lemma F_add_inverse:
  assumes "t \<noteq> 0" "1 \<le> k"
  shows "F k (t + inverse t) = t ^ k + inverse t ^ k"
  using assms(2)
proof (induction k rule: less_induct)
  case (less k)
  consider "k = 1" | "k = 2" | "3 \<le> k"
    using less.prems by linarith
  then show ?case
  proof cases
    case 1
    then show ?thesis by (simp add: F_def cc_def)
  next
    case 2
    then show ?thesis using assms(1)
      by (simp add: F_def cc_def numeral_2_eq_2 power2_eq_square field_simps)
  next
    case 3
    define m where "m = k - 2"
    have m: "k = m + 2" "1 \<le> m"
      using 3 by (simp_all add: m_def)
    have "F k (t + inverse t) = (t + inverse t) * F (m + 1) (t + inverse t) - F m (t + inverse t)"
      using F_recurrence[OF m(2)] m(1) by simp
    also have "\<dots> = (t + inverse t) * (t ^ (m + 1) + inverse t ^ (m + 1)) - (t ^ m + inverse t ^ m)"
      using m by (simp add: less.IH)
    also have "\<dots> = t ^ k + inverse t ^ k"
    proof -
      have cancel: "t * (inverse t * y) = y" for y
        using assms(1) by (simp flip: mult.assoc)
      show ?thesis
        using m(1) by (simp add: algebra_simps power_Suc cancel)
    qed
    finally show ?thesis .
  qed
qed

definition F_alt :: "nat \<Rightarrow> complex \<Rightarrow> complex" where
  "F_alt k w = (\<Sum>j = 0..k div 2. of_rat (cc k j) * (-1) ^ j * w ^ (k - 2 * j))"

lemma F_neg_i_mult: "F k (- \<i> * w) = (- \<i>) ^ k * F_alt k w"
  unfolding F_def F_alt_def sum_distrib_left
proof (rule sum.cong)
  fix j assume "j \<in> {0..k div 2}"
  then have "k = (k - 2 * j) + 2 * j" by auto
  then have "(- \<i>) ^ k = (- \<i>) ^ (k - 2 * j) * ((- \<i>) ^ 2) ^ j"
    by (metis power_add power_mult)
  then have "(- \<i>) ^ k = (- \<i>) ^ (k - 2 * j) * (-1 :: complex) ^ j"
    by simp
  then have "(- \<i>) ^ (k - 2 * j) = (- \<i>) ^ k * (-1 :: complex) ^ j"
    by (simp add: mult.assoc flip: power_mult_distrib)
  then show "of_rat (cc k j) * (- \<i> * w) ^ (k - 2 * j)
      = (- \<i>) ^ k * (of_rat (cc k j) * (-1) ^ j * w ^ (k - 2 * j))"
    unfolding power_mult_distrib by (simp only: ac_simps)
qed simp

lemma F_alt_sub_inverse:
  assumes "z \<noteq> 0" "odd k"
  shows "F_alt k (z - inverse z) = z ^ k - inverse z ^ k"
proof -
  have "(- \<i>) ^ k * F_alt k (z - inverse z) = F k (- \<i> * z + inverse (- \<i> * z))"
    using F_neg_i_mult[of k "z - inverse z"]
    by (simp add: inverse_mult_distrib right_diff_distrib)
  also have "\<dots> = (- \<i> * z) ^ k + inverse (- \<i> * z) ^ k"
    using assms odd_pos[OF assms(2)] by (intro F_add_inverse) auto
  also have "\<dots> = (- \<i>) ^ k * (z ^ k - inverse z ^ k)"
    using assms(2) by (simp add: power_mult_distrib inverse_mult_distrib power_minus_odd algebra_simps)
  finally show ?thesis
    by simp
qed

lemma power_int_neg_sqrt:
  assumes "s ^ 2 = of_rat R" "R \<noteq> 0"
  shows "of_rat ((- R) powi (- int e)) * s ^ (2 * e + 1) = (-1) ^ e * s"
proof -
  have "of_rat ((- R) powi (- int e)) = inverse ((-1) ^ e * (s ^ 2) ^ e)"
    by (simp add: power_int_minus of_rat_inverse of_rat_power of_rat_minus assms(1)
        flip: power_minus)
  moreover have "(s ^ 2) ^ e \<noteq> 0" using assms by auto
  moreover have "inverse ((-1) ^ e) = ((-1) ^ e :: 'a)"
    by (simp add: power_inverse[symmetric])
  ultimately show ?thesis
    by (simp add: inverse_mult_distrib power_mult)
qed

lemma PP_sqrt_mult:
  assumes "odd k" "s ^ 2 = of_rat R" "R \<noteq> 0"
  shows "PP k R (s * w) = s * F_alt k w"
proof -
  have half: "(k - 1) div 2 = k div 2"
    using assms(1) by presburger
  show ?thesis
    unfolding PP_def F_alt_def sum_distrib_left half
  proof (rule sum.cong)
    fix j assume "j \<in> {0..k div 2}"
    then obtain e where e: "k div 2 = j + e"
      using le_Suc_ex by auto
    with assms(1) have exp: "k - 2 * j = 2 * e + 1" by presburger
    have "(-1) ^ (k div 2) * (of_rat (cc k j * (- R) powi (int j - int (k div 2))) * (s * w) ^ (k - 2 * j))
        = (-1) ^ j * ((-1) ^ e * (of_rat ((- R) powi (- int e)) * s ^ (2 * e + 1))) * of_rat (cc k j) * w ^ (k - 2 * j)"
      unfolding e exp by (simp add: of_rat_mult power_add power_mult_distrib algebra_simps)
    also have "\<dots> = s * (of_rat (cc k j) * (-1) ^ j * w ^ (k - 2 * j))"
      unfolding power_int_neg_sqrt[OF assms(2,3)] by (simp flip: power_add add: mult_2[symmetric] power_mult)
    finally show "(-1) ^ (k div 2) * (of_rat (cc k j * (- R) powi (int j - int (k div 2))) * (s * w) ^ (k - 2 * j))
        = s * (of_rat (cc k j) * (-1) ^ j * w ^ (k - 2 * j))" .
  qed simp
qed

....

[TASK ITEM]
Scan the entries above for the word "shows" and collect each line holding it.

[OUTPUT BELOW]
  shows "F k (t + inverse t) = t ^ k + inverse t ^ k"
  shows "F_alt k (z - inverse z) = z ^ k - inverse z ^ k"
  shows "of_rat ((- R) powi (- int e)) * s ^ (2 * e + 1) = (-1) ^ e * s"
  shows "PP k R (s * w) = s * F_alt k w"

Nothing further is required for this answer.